Required action:
Report every line of the records beneath this task that holds the string "contraction".

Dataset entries
········
(* Let $(X_t)_{t\ge 0}$ be a Markov process on $\mathbb{R}^d$ as described in the context, and assume that Hypotheses (LC), (H1) and (H2) hold. Then $X$ is exponentially ergodic in total variation: there exist a unique invariant probability measure $\mu$ for $(P_t)_{t\ge0}$ and positive constants $\theta, C$ such that for every $x\in\mathbb{R}^d$, $$\|P_t(x,\cdot)-\mu\|_{var}\le C e^{-\theta t}\,(1+V(x)),\qquad \forall t\ge 0,$$ where $V$ is the Lyapunov function from (LC).
   Context: Setting: $(\Omega,\mathcal{F},(\mathcal{F}_t)_{t\ge0},\mathbb{P})$ is a filtered probability space and $(X_t)_{t\ge0}$ is an adapted strong Markov process on $\mathbb{R}^d$ with càdlàg trajectories; $X_t(x)$ denotes the process started at $x$. $(P_t)_{t\ge0}$ is its Markov semigroup, $P_t(x,\cdot)$ its transition kernel, $P_tf(x)=\int f(y)P_t(x,dy)$, and $P_t^*$ is the dual semigroup acting on probability measures ($P_t^*\delta_x=P_t(x,\cdot)$). For probability measures $\mu,\nu$ on $\mathbb{R}^d$, $\Gamma(\mu,\nu)$ is the set of probability measures $\pi$ on $\mathbb{R}^d\times\mathbb{R}^d$ with marginals $\mu$ and $\nu$. For a signed measure $\mu$, $\|\mu\|_{var}=\sup\{|\mu(\Gamma)|:\Gamma\in\mathcal{B}(\mathbb{R}^d)\}$. $\|f\|_\infty$ is the (essential) sup norm of a bounded Borel function $f$. $\overline{B}_R=\{u\in\mathbb{R}^d:|u|\le R\}$. Hypothesis (LC): there are a measurable function $V:\mathbb{R}^d\to[1,\infty)$ with $\lim_{|x|\to\infty}V(x)=+\infty$, a time $t_*>0$ and constants $\alpha\in(0,1)$, $\beta\in[0,\infty)$ such that $P_{t_*}V(x)\le\alpha V(x)+\beta$ for all $x\in\mathbb{R}^d$. Hypothesis (H1) (weak irreducibility): for any $R,\delta>0$ there exist $R_0=R_0(R)>0$ (not depending on $\delta$) and $T_0=T_0(R,\delta)>0$ such that for all $t\ge T_0$ and all $x,y\in\overline{B}_R$, $$\sup_{\pi\in\Gamma(P_t^*\delta_x,P_t^*\delta_y)}\pi\{(x',y')\in\mathbb{R}^d\times\mathbb{R}^d:\ |x'-y'|\le\delta,\ x',y'\in\overline{B}_{R_0}\}>0.$$ Hypothesis (H2): for every $t>0$ and $x\in\mathbb{R}^d$, $\lim_{y\to x}\sup_{\|f\|_\infty\le1}[P_tf(x)-P_tf(y)]=0$, the supremum over bounded Borel $f$. *)

theory Defs
  imports "HOL-Probability.Probability"
begin

text \<open>A Markov transition semigroup on the Euclidean space 'a (= R^d, d = DIM('a)).
  P t x is the transition kernel P_t(x, .), for times t >= 0.\<close>
definition markov_semigroup :: "(real \<Rightarrow> 'a::euclidean_space \<Rightarrow> 'a measure) \<Rightarrow> bool" where
  "markov_semigroup P \<longleftrightarrow>
     (\<forall>t\<ge>0. \<forall>x. prob_space (P t x) \<and> sets (P t x) = sets borel) \<and>
     (\<forall>t\<ge>0. P t \<in> borel \<rightarrow>\<^sub>M subprob_algebra borel) \<and>
     (\<forall>x. P 0 x = return borel x) \<and>
     (\<forall>s\<ge>0. \<forall>t\<ge>0. \<forall>x. P (s + t) x = P s x \<bind> P t)"

definition semigroup_apply :: "(real \<Rightarrow> 'a \<Rightarrow> 'a measure) \<Rightarrow> real \<Rightarrow> ('a \<Rightarrow> real) \<Rightarrow> 'a \<Rightarrow> real" where
  "semigroup_apply P t f x = (\<integral>y. f y \<partial>(P t x))"

definition couplings :: "'a::euclidean_space measure \<Rightarrow> 'a measure \<Rightarrow> ('a \<times> 'a) measure set" where
  "couplings \<mu> \<nu> = {\<pi>. prob_space \<pi> \<and> sets \<pi> = sets (borel \<Otimes>\<^sub>M borel) \<and>
       distr \<pi> borel fst = \<mu> \<and> distr \<pi> borel snd = \<nu>}"

definition tv_norm :: "'a::euclidean_space measure \<Rightarrow> 'a measure \<Rightarrow> real" where
  "tv_norm \<mu> \<nu> = (SUP A \<in> sets borel. \<bar>measure \<mu> A - measure \<nu> A\<bar>)"

definition hyp_LC :: "(real \<Rightarrow> 'a::euclidean_space \<Rightarrow> 'a measure) \<Rightarrow> ('a \<Rightarrow> real) \<Rightarrow> bool" where
  "hyp_LC P V \<longleftrightarrow> V \<in> borel_measurable borel \<and> (\<forall>x. V x \<ge> 1) \<and>
     filterlim V at_top at_infinity \<and>
     (\<exists>ts>0. \<exists>\<alpha>\<in>{0<..<1}. \<exists>\<beta>\<ge>0. \<forall>x.
        (\<integral>\<^sup>+ y. ennreal (V y) \<partial>(P ts x)) \<le> ennreal (\<alpha> * V x + \<beta>))"

definition hyp_H1 :: "(real \<Rightarrow> 'a::euclidean_space \<Rightarrow> 'a measure) \<Rightarrow> bool" where
  "hyp_H1 P \<longleftrightarrow> (\<forall>R>0. \<exists>R0>0. \<forall>\<delta>>0. \<exists>T0>0. \<forall>t\<ge>T0. \<forall>x\<in>cball 0 R. \<forall>y\<in>cball 0 R.
     (SUP \<pi> \<in> couplings (P t x) (P t y).
        measure \<pi> {(x', y'). dist x' y' \<le> \<delta> \<and> x' \<in> cball 0 R0 \<and> y' \<in> cball 0 R0}) > 0)"

definition hyp_H2 :: "(real \<Rightarrow> 'a::euclidean_space \<Rightarrow> 'a measure) \<Rightarrow> bool" where
  "hyp_H2 P \<longleftrightarrow> (\<forall>t>0. \<forall>x.
     ((\<lambda>y. SUP f \<in> {f. f \<in> borel_measurable borel \<and> (\<forall>z. \<bar>f z\<bar> \<le> 1)}.
              semigroup_apply P t f x - semigroup_apply P t f y) \<longlongrightarrow> 0) (at x))"

definition invariant_prob :: "(real \<Rightarrow> 'a::euclidean_space \<Rightarrow> 'a measure) \<Rightarrow> 'a measure \<Rightarrow> bool" where
  "invariant_prob P \<mu> \<longleftrightarrow> prob_space \<mu> \<and> sets \<mu> = sets borel \<and> (\<forall>t\<ge>0. \<mu> \<bind> P t = \<mu>)"

end

theory Submission
  imports Defs
begin

text \<open>
  Following Hairer and Mattingly, one measures test functions by the weighted seminorm
  \<open>sup |\<phi> z - \<phi> z'| / (2 + w V z + w V z')\<close>.  Hypothesis (H2) makes
  \<open>(x, y) \<mapsto> \<parallel>P\<^sub>u(x,\<cdot>) - P\<^sub>u(y,\<cdot>)\<parallel>\<close> continuous, so compactness and (H1) show that
  transition probabilities started in a ball overlap uniformly: their distance is at most
  \<open>1 - \<eta>\<close> at some time \<open>T\<close>.  Balls contain the sublevel sets of \<open>V\<close>, and together with
  the drift condition (LC) this makes \<open>P\<^sub>T\<close> a strict contraction for the weighted seminorm
  when \<open>w\<close> is small.  Iterating, the laws \<open>P\<^sub>n\<^sub>T(0,\<cdot>)\<close> converge geometrically in total
  variation; the limit is the invariant measure, and the contraction yields both the
  exponential rate and uniqueness.
\<close>

lemma integrable_bounded_borel:
  fixes f :: "'a::euclidean_space \<Rightarrow> real"
  assumes "prob_space M" "sets M = sets borel" "f \<in> borel_measurable borel" "\<And>z. \<bar>f z\<bar> \<le> B"
  shows "integrable M f"
proof -
  interpret prob_space M by fact
  have "f \<in> borel_measurable M" using assms(3)
    by (subst measurable_cong_sets[where M'=borel and N'=borel]) (simp_all add: assms(2))
  then show ?thesis using assms(4) by (intro integrable_const_bound[where B=B]) auto
qed

lemma abs_integral_le_prob:
  fixes f :: "'a::euclidean_space \<Rightarrow> real"
  assumes "prob_space M" "f \<in> borel_measurable M" "\<And>z. \<bar>f z\<bar> \<le> B"
  shows "\<bar>\<integral>z. f z \<partial>M\<bar> \<le> B"
proof -
  interpret prob_space M by fact
  have "integrable M f" using assms by (intro integrable_const_bound[where B=B]) auto
  then have "\<bar>\<integral>z. f z \<partial>M\<bar> \<le> (\<integral>z. B \<partial>M)"
    by (rule integral_abs_bound_integral) (use assms in auto)
  then show ?thesis by (simp add: prob_space)
qed

lemma integrable_nonneg_of_nn_integral_le:
  fixes V :: "'a::euclidean_space \<Rightarrow> real"
  assumes M: "sets M = sets borel" and Vm: "V \<in> borel_measurable borel" and V0: "\<And>x. 0 \<le> V x"
    and HB: "(\<integral>\<^sup>+ y. ennreal (V y) \<partial>M) \<le> ennreal B" and B: "0 \<le> B"
  shows "integrable M V" "(\<integral>y. V y \<partial>M) \<le> B"
proof -
  have Vm': "V \<in> borel_measurable M"
    using Vm by (subst measurable_cong_sets[where M'=borel and N'=borel]) (simp_all add: M)
  have fin: "(\<integral>\<^sup>+ y. ennreal (V y) \<partial>M) < \<infinity>" using HB by (simp add: le_less_trans)
  show i: "integrable M V" by (rule integrableI_nonneg[OF Vm']) (use V0 fin in auto)
  have "ennreal (\<integral>y. V y \<partial>M) = (\<integral>\<^sup>+ y. ennreal (V y) \<partial>M)"
    by (rule nn_integral_eq_integral[OF i, symmetric]) (use V0 in auto)
  also have "\<dots> \<le> ennreal B" by (rule HB)
  finally show "(\<integral>y. V y \<partial>M) \<le> B" using B ennreal_le_iff by blast
qed

lemma prob_space_eq_borelI:
  fixes A B :: "'a::euclidean_space measure"
  assumes "prob_space A" "sets A = sets borel" "prob_space B" "sets B = sets borel"
    and "\<And>S. S \<in> sets borel \<Longrightarrow> measure A S = measure B S"
  shows "A = B"
proof (rule measure_eqI)
  show "sets A = sets B" using assms by simp
  fix S assume S: "S \<in> sets A"
  interpret a: prob_space A by fact
  interpret b: prob_space B by fact
  have "S \<in> sets B" "S \<in> sets borel" using S assms by auto
  then show "emeasure A S = emeasure B S"
    using assms(5) by (simp add: a.emeasure_eq_measure b.emeasure_eq_measure)
qed

section \<open>Total variation distance\<close>

lemma count_le_real_bounds:
  fixes x :: real and n :: nat
  assumes "0 \<le> x" "x \<le> real n"
  shows "x - 1 \<le> (\<Sum>j\<in>{1..n}. if real j \<le> x then 1 else 0::real)"
    and "(\<Sum>j\<in>{1..n}. if real j \<le> x then 1 else 0::real) \<le> x"
proof -
  have iff: "real j \<le> x \<longleftrightarrow> j \<le> nat \<lfloor>x\<rfloor>" for j :: nat
  proof -
    have "real j \<le> x \<longleftrightarrow> int j \<le> \<lfloor>x\<rfloor>" by (simp add: le_floor_iff)
    also have "\<dots> \<longleftrightarrow> j \<le> nat \<lfloor>x\<rfloor>" using assms by (simp add: le_nat_iff)
    finally show ?thesis .
  qed
  have fl: "nat \<lfloor>x\<rfloor> \<le> n" using assms
    by (metis floor_mono floor_of_nat nat_int nat_mono)
  have s: "(\<Sum>j\<in>{1..n}. if real j \<le> x then 1 else 0::real) = real (nat \<lfloor>x\<rfloor>)"
  proof -
    have "(\<Sum>j\<in>{1..n}. if real j \<le> x then 1 else 0::real) = (\<Sum>j\<in>{1..n}. of_bool (real j \<le> x))"
      by (intro sum.cong) auto
    also have "\<dots> = of_nat (card ({1..n} \<inter> {j. real j \<le> x}))" by (rule sum_of_bool_eq) simp_all
    also have "{1..n} \<inter> {j. real j \<le> x} = {1..nat \<lfloor>x\<rfloor>}" using fl by (auto simp: iff)
    finally show ?thesis by simp
  qed
  have "real (nat \<lfloor>x\<rfloor>) = of_int \<lfloor>x\<rfloor>" using assms by simp
  then show "x - 1 \<le> (\<Sum>j\<in>{1..n}. if real j \<le> x then 1 else 0::real)"
    "(\<Sum>j\<in>{1..n}. if real j \<le> x then 1 else 0::real) \<le> x"
    unfolding s by linarith+
qed

lemma level_set_average_bounds:
  fixes y :: real and n :: nat
  assumes "0 \<le> y" "y \<le> 1" "0 < real n"
  defines "S \<equiv> (\<Sum>j\<in>{1..n}. if real j \<le> real n * y then 1 else 0::real)"
  shows "y - 1 / real n \<le> S / real n" and "S / real n \<le> y"
proof -
  have "0 \<le> real n * y" "real n * y \<le> real n" using assms by simp_all
  note bounds = count_le_real_bounds[OF this, folded S_def]
  show "S / real n \<le> y" using bounds(2) assms(3) by (simp add: divide_le_eq mult.commute)
  have "(real n * y - 1) / real n \<le> S / real n"
    using bounds(1) assms(3) by (intro divide_right_mono) auto
  then show "y - 1 / real n \<le> S / real n"
    using assms(3) by (simp add: diff_divide_distrib)
qed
········
Answer below:
  the drift condition (LC) this makes \<open>P\<^sub>T\<close> a strict contraction for the weighted seminorm
  variation; the limit is the invariant measure, and the contraction yields both the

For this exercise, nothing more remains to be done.